Do I get what Kahn’s after? Nope. Do I know who he is? Nope. But I know that he’s still drifting around in a tube somewhere in space, and as someone who thoroughly enjoyed Cumberbatchs’ performance I find that exciting and Kirk and crew should find it unsettling to say the least.

Of course Kirk has other things to deal with, like the fact that he’s a twenty something hot head captaining a star ship and acting exactly like a twenty something hot head would whilst captaining a star ship. James T. The character Kirk has always had a brashness to him, but in Into Darkness it jumped clear ahead to stupidity. Blatantly ignoring the advice of literally everyone on the crew that got him to where he is Kirk manages to make quite the mess out of pretty much everything he touches with his shoot first, ask questions later attitude.

He’s cocky and irritating and the exact kind of person you would never in a million years want to see in a leadership position in real life. But Star Trek is a movie. And several television series. And a bunch of books. And I think a cartoon once. But for right now it’s a movie. If the public demanded it I’m sure Hollywood could slap together a science fiction epic about a starship and its exceedingly reasonable captain as he and his crew could float about the stars siting regulations, asking questions first, second and third and playing Sudoku, but that movie is called “Boring Movie.” And it’s boring.

Not every movie needs to be grounded in gritty realism with an omniscient protagonist that stands back and thinks five steps ahead like some sort of checkmating Jack Bauer. Not every movie has to explain and justify itself to within an inch of its life. Without a healthy portion of narrative smoke and mirrors it makes exactly zero sense that James Kirk has gone from a bar fight to a galactic hero and starship captain within four years and while it’s ridiculous to think that Kirk managed to make such a massive career leap in such a short span of time the only way you get a guy that scuffles in bar room brawls into the Captain’s chair of a space ship is to get him from the stool to the chair as quick as possible before Tyler Perry and Star Fleet lecture the maverick out of him.

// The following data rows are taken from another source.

lemma is_norm_scaleR: "is_norm N \<Longrightarrow> N (c *\<^sub>R x) = \<bar>c\<bar> * N x"
  by (simp add: is_norm_def)

lemma is_norm_triangle: "is_norm N \<Longrightarrow> N (x + y) \<le> N x + N y"
  by (simp add: is_norm_def)

lemma is_norm_minus_commute: "is_norm N \<Longrightarrow> N (x - y) = N (y - x)"
  using is_norm_scaleR[of N "-1" "x - y"] by simp

lemma is_norm_convex_on_diff:
  assumes N: "is_norm N" and "convex S"
  shows "convex_on S (\<lambda>v. N (v - a))"
proof (rule convex_onI[OF _ \<open>convex S\<close>])
  fix t :: real and x y assume t: "0 < t" "t < 1"
  have "(1 - t) *\<^sub>R x + t *\<^sub>R y - a = (1 - t) *\<^sub>R (x - a) + t *\<^sub>R (y - a)"
    by (simp add: algebra_simps)
  then have "N ((1 - t) *\<^sub>R x + t *\<^sub>R y - a) \<le> N ((1 - t) *\<^sub>R (x - a)) + N (t *\<^sub>R (y - a))"
    using is_norm_triangle[OF N] by simp
  then show "N ((1 - t) *\<^sub>R x + t *\<^sub>R y - a) \<le> (1 - t) * N (x - a) + t * N (y - a)"
    using t by (simp add: is_norm_scaleR[OF N])
qed

lemma is_norm_continuous_on:
  fixes N :: "'a::euclidean_space \<Rightarrow> real"
  assumes "is_norm N"
  shows "continuous_on S N"
  using convex_on_continuous[OF open_UNIV is_norm_convex_on_diff[OF assms convex_UNIV, of 0]]
  by (auto intro: continuous_on_subset)

section \<open>The simplex and conv(A)\<close>

lemma std_simplex_nonneg: "x \<in> std_simplex \<Longrightarrow> 0 \<le> x $ i"
  by (simp add: std_simplex_def)

lemma std_simplex_sum: "x \<in> std_simplex \<Longrightarrow> (\<Sum>i\<in>UNIV. x $ i) = 1"
  by (simp add: std_simplex_def)
lemma fixed_space_nontrivial:
  assumes "group G" and rep: "is_rep G n \<rho>" and sub: "subgroup H G"
    and char_sum: "(\<Sum>h\<in>H. mat_trace (\<rho> h)) \<noteq> 0"
  shows "fixed_space n \<rho> H \<noteq> {0\<^sub>v n}"
proof -
  define v where "v j = vec n (\<lambda>i. \<Sum>h\<in>H. \<rho> h $$ (i, j))" for j
  have "(\<Sum>j<n. v j $ j) = (\<Sum>j<n. \<Sum>h\<in>H. \<rho> h $$ (j, j))"
    unfolding v_def by (intro sum.cong) auto
  also have "\<dots> = (\<Sum>h\<in>H. \<Sum>j<n. \<rho> h $$ (j, j))"
    by (rule sum.swap)
  also have "\<dots> = (\<Sum>h\<in>H. mat_trace (\<rho> h))"
    unfolding mat_trace_def using is_rep_carrier[OF rep] subgroup.mem_carrier[OF sub]
    by (intro sum.cong) auto
  finally have "(\<Sum>j<n. v j $ j) \<noteq> 0"
    using char_sum by simp
  then obtain j where j: "j < n" and "v j $ j \<noteq> 0"
    by (meson lessThan_iff sum.neutral)
  then have "v j \<noteq> 0\<^sub>v n" by auto
  moreover have "v j \<in> fixed_space n \<rho> H"
    unfolding v_def using column_sum_in_fixed_space[OF assms(1) rep sub j] .
  ultimately show ?thesis by blast
qed

definition rep_kernel :: "('g, 'b) monoid_scheme \<Rightarrow> nat \<Rightarrow> ('g \<Rightarrow> complex mat) \<Rightarrow> 'g set" where
  "rep_kernel G n \<rho> = {g \<in> carrier G. \<rho> g = 1\<^sub>m n}"

lemma subgroup_rep_kernel:
  assumes "group G" and rep: "is_rep G n \<rho>"
  shows "subgroup (rep_kernel G n \<rho>) G"
proof
  interpret group G by fact
  show "rep_kernel G n \<rho> \<subseteq> carrier G" unfolding rep_kernel_def by blast
  show "\<one>\<^bsub>G\<^esub> \<in> rep_kernel G n \<rho>" unfolding rep_kernel_def using is_rep_one[OF rep] by simp
  fix x y assume x: "x \<in> rep_kernel G n \<rho>" and y: "y \<in> rep_kernel G n \<rho>"
  then show "x \<otimes>\<^bsub>G\<^esub> y \<in> rep_kernel G n \<rho>"
    unfolding rep_kernel_def using is_rep_mult[OF rep] by auto
  have x_carrier: "x \<in> carrier G" and "\<rho> x = 1\<^sub>m n" using x unfolding rep_kernel_def by auto
  then have "\<rho> (inv\<^bsub>G\<^esub> x) = \<rho> (inv\<^bsub>G\<^esub> x) * \<rho> x"
    using is_rep_carrier[OF rep, of "inv\<^bsub>G\<^esub> x"] by simp
  also have "\<dots> = 1\<^sub>m n"
    using is_rep_mult[OF rep, of "inv\<^bsub>G\<^esub> x" x] is_rep_one[OF rep] x_carrier by simp
  finally show "inv\<^bsub>G\<^esub> x \<in> rep_kernel G n \<rho>"
    unfolding rep_kernel_def using x_carrier by simp
qed

definition rep_char :: "('g, 'b) monoid_scheme \<Rightarrow> ('g \<Rightarrow> complex mat) \<Rightarrow> 'g \<Rightarrow> complex" where
  "rep_char G \<rho> g = (if g \<in> carrier G then mat_trace (\<rho> g) else 0)"

lemma IrrE:
  assumes "\<chi> \<in> Irr G"
  obtains n \<rho> where "irr_rep G n \<rho>" and "\<chi> = rep_char G \<rho>"
  using assms unfolding Irr_def rep_char_def[abs_def] by blast

lemma rep_char_one: "monoid G \<Longrightarrow> is_rep G n \<rho> \<Longrightarrow> rep_char G \<rho> \<one>\<^bsub>G\<^esub> = of_nat n"
  by (simp add: rep_char_def is_rep_one mat_trace_one_mat monoid.one_closed)

lemma rep_kernel_subset_char_ker:
  assumes "monoid G" and rep: "is_rep G n \<rho>"
  shows "rep_kernel G n \<rho> \<subseteq> char_ker G (rep_char G \<rho>)"
proof
  fix g assume "g \<in> rep_kernel G n \<rho>"
  then have "g \<in> carrier G" and "rep_char G \<rho> g = of_nat n"
    unfolding rep_kernel_def by (auto simp: rep_char_def mat_trace_one_mat)
  then show "g \<in> char_ker G (rep_char G \<rho>)"
    unfolding char_ker_def using rep_char_one[OF assms] by simp
qed
(* Let $\Delta_{a_ia_j}$ be the upright triangle that the edge $a_ia_j$ belongs to, and $b_2$ be the midpoint of $a_i$ and $a_j$. We have \begin{equation*} S_N^{\omega}(\alpha,\beta,\lambda)(a_i,a_j)= \begin{cases} \displaystyle 1-\lambda-\frac{A(\alpha,\beta,\lambda)}{64\mathcal{D}(\beta,\lambda)} & \text{if $a_i=a_j$}, \\ \displaystyle -\frac{\Psi(\alpha,\beta,\lambda)\omega_{a_ib_2}\omega_{b_2a_j}}{16\mathcal{D}(\beta,\lambda)} & \text{if $a_i\neq a_j$, $a_i\in V_N\setminus V_0$, and $\Delta_{a_ia_j}$ is traversed CCW}, \\ \displaystyle -\frac{\Psi(\alpha,\beta,\lambda)\omega_{a_ib_2}\omega_{b_2a_j}}{8\mathcal{D}(\beta,\lambda)} & \text{if $a_i\neq a_j$, $a_i\in V_0$, and $\Delta_{a_ia_j}$ is traversed CCW}, \\ \displaystyle -\frac{\overline{\Psi(\alpha,\beta,\lambda)}\omega_{a_ib_2}\omega_{b_2a_j}}{16\mathcal{D}(\beta,\lambda)} & \text{if $a_i\neq a_j$, $a_i\in V_N\setminus V_0$, and $\Delta_{a_ia_j}$ is traversed CW}, \\ \displaystyle -\frac{\overline{\Psi(\alpha,\beta,\lambda)}\omega_{a_ib_2}\omega_{b_2a_j}}{8\mathcal{D}(\beta,\lambda)} & \text{if $a_i\neq a_j$, $a_i\in V_0$, and $\Delta_{a_ia_j}$ is traversed CW}, \end{cases} \end{equation*} where \begin{align*} A(\alpha,\beta,\lambda)&=16\lambda^2-(32+4\cos(2\pi\alpha))\lambda+15+4\cos(2\pi\alpha)+\cos(2\pi(\alpha+\beta)),\\ \mathcal{D}(\beta,\lambda)&=-\lambda^3+3\lambda^2-\tfrac{45}{16}\lambda+\tfrac{13}{16}-\tfrac{1}{32}\cos(2\pi\beta),\\ \Psi(\alpha,\beta,\lambda)&=(1-\lambda)^2-\tfrac{1}{16}+\tfrac{1-\lambda}{4}(2e^{-2\pi i\alpha}+e^{-2\pi i(2\alpha+\beta)})+\tfrac{1}{16}(e^{-4\pi i \alpha}+2e^{-2\pi i (\alpha+\beta)}). \end{align*}
   Context: Let $G_N=(V_N,E_N)$ be the level-$N$ Sierpinski gasket graph (unit edge length), $V_0$ its three corner vertices, and $V_{N-1}\subset V_N$ the vertices of the nested level-$(N-1)$ graph. Let $\omega$ be a $U(1)$ connection on $G_N$ (unit complex numbers $\omega_{xy}$ with $\omega_{yx}=\overline{\omega_{xy}}$) such that the magnetic flux (holonomy $e^{2\pi i\theta}$ around the counterclockwise cycle) through every upright unit triangle is $\alpha$ and through every downright unit triangle is $\beta$. The magnetic Laplacian $\mathcal{L}^\omega_N$ is the $|V_N|\times|V_N|$ matrix with entries $1$ if $x=y$; $-\tfrac12\omega_{xy}$ if $x\in V_0$, $y\sim x$; $-\tfrac14\omega_{xy}$ if $x\in V_N\setminus V_0$, $y\sim x$; and $0$ otherwise. Write $\mathcal{L}^\omega_N-\lambda I=\begin{bmatrix}A-\lambda I & B\\ C & D-\lambda I\end{bmatrix}$ with respect to the splitting $V_N=V_{N-1}\sqcup (V_N\setminus V_{N-1})$ (here the block $A$ is a matrix, distinct from the function $A(\alpha,\beta,\lambda)$). For $\lambda$ with $D-\lambda I$ invertible, the Schur complement is $S_N^{\omega}(\alpha,\beta,\lambda)=(A-\lambda I)-B(D-\lambda I)^{-1}C$, acting on $\ell^2(V_{N-1})$; its entries $(a_i,a_j)$ with $a_i,a_j\in V_{N-1}$ are nonzero only when $a_i=a_j$ or $a_i,a_j$ lie in a common level-$(N-1)$ cell. *)

theory Defs
  imports "HOL-Analysis.Analysis"
begin
(* For $i,j\in I^+$ with $i\le j$, $[\mathfrak X_{-j_R},[\mathfrak D_j,\Psi_i]_q]=0$ as operators on $\mathcal X$.
   Context: Let $\mathbf{k}$ be a field of characteristic $0$, $q\in\mathbf{k}$ invertible and not a root of unity, $n\ge2$, $I=\{-n,\dots,-1,1,\dots,n\}$, $I^+=\{1,\dots,n\}$, $\lambda=q-q^{-1}$, $[m]_q=\frac{q^m-q^{-m}}{q-q^{-1}}$, $[A,B]_v=AB-vBA$, $[A,B]=[A,B]_1$. The quantum symplectic space $\mathcal X$ is the $\mathbf{k}$-algebra generated by $x_i$ ($i\in I$) with relations $x_jx_i=qx_ix_j$ for $i<j$, $j\neq-i$, and $x_ix_{-i}=q^2x_{-i}x_i+q^2\lambda\Omega_{i+1}$ ($i\in I^+$), $\Omega_i=\sum_{j=i}^nq^{j-i}x_{-j}x_j$, $\Omega_{n+1}=0$; normal monomials $x^a=x_{-n}^{a_{-n}}\cdots x_{-1}^{a_{-1}}x_1^{a_1}\cdots x_n^{a_n}$ form a basis. Linear operators: $\partial_i.x^a=[a_i]_qx^{a-\varepsilon_i}$, $x_{i_L}.f=x_if$, $x_{i_R}.f=fx_i$, $\mu_i^{\pm1}.x^a=q^{\pm a_i}x^a$ ($i\in I$); products are compositions (rightmost first). For $i\in I^+$: $\tau_i=\prod_{j=i}^n\mu_j$, $\tau_{-i}=\prod_{j=-n}^{-i}\mu_j$, $\tau_{\pm(n+1)}=1$, $\Lambda_0=1$, $\Lambda_{-i}=\prod_{j=-i}^{-1}\mu_j$, $\Lambda_i=\prod_{j=1}^i\mu_j$, $\mathfrak D_{-i}=\mu_i\tau_{-i-1}^{-1}\partial_{-i}$, $\mathfrak D_i=\tau_1^{-1}\Lambda_{i-1}^{-1}\partial_i$, $\mathfrak X_{-i_L}=\mu_i^{-1}\mu_{-i}x_{-i_L}$, $\mathfrak X_{i_R}=\Lambda_i^2x_{i_R}$, $\Psi_{n+1}=0$, $\Psi_i=\tau_{-i}^2\sum_{j=i}^nq^{j-i}\tau_{-j}^{-2}\mathfrak X_{-j_L}\mathfrak X_{j_R}$, and $\mathfrak X_{-i_R}=q^i\Lambda_{1-i}^2(\mu_i^2\mathfrak X_{-i_L}+\lambda\mu_{-i}^2\Psi_{i+1}\mathfrak D_i)$. *)

theory Defs
  imports Main
begin

text \<open>
  Model of the quantum symplectic space X: an element is given by its coordinates
  with respect to the normal-monomial basis x^a.  Exponent vectors are functions
  a :: int => nat (only the entries at indices in I = {-n..-1} \<union> {1..n} matter).
\<close>

type_synonym 'k elt = "(int \<Rightarrow> nat) \<Rightarrow> 'k"
type_synonym 'k op = "'k elt \<Rightarrow> 'k elt"

definition Iset :: "nat \<Rightarrow> int set" where
  "Iset n = {-int n..-1} \<union> {1..int n}"

definition Xspace :: "nat \<Rightarrow> 'k::zero elt set" where
  "Xspace n = {f. finite {a. f a \<noteq> 0} \<and> (\<forall>a. f a \<noteq> 0 \<longrightarrow> (\<forall>k. k \<notin> Iset n \<longrightarrow> a k = 0))}"

definition qint :: "'k::field \<Rightarrow> int \<Rightarrow> 'k" where
  "qint q m = (q powi m - q powi (-m)) / (q - inverse q)"

definition mu :: "'k::field \<Rightarrow> int \<Rightarrow> int \<Rightarrow> 'k op" where
  "mu q i m f = (\<lambda>b. q powi (m * int (b i)) * f b)"

definition prodmu :: "'k::field \<Rightarrow> int list \<Rightarrow> int \<Rightarrow> 'k op" where
  "prodmu q js m = foldr (\<lambda>j F. mu q j m \<circ> F) js id"

definition tau :: "'k::field \<Rightarrow> nat \<Rightarrow> int \<Rightarrow> int \<Rightarrow> 'k op" where
  "tau q n t m = prodmu q (if t > 0 then [t..int n] else [-int n..t]) m"

definition Lam :: "'k::field \<Rightarrow> int \<Rightarrow> int \<Rightarrow> 'k op" where
  "Lam q t m = prodmu q (if t \<ge> 0 then [1..t] else [t..-1]) m"

definition qpartial :: "'k::field \<Rightarrow> int \<Rightarrow> 'k op" where
  "qpartial q i f = (\<lambda>b. qint q (int (b i) + 1) * f (b(i := b i + 1)))"

text \<open>Left multiplication by x_{-j} (j in I^+): by the relations x_{-j} x_{-k} = q x_{-k} x_{-j}
  for k > j, one has x_{-j} x^a = q^(sum_{k=j+1}^n a_{-k}) x^(a + eps_{-j}).\<close>
definition xLneg :: "'k::field \<Rightarrow> nat \<Rightarrow> int \<Rightarrow> 'k op" where
  "xLneg q n j f = (\<lambda>b. if b (-j) \<ge> 1
      then q ^ (\<Sum>k\<in>{j+1..int n}. b (-k)) * f (b(-j := b (-j) - 1)) else 0)"

text \<open>Right multiplication by x_j (j in I^+): by the relations x_k x_j = q x_j x_k for k > j,
  one has x^a x_j = q^(sum_{k=j+1}^n a_k) x^(a + eps_j).\<close>
definition xRpos :: "'k::field \<Rightarrow> nat \<Rightarrow> int \<Rightarrow> 'k op" where
  "xRpos q n j f = (\<lambda>b. if b j \<ge> 1
      then q ^ (\<Sum>k\<in>{j+1..int n}. b k) * f (b(j := b j - 1)) else 0)"

definition fD :: "'k::field \<Rightarrow> nat \<Rightarrow> int \<Rightarrow> 'k op" where
  "fD q n j = tau q n 1 (-1) \<circ> Lam q (j - 1) (-1) \<circ> qpartial q j"

definition fXnegL :: "'k::field \<Rightarrow> nat \<Rightarrow> int \<Rightarrow> 'k op" where
  "fXnegL q n j = mu q j (-1) \<circ> mu q (-j) 1 \<circ> xLneg q n j"

definition fXposR :: "'k::field \<Rightarrow> nat \<Rightarrow> int \<Rightarrow> 'k op" where
  "fXposR q n j = Lam q j 2 \<circ> xRpos q n j"

definition Psi :: "'k::field \<Rightarrow> nat \<Rightarrow> int \<Rightarrow> 'k op" where
  "Psi q n i = (if i = int n + 1 then (\<lambda>f b. 0) else
     tau q n (-i) 2 \<circ>
       (\<lambda>f b. \<Sum>j\<in>{i..int n}. q ^ nat (j - i) *
                 (tau q n (-j) (-2) \<circ> fXnegL q n j \<circ> fXposR q n j) f b))"

definition fXnegR :: "'k::field \<Rightarrow> nat \<Rightarrow> int \<Rightarrow> 'k op" where
  "fXnegR q n j = (\<lambda>f b. q ^ nat j *
     Lam q (1 - j) 2
       (\<lambda>b'. (mu q j 2 \<circ> fXnegL q n j) f b'
            + (q - inverse q) * (mu q (-j) 2 \<circ> Psi q n (j + 1) \<circ> fD q n j) f b') b)"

Critics are right, there are holes riddled throughout Into Darkness, but I never once thought the Enterprise sunk. And guess what? In the movie it shoots out of the water and flies away into space. So yeah. It literally didn’t.

Told you. (It's going up, out of the water. Not down, into the water. Trust me).

Told you. (It’s going up, out of the water. Not down, into the water. Trust me.)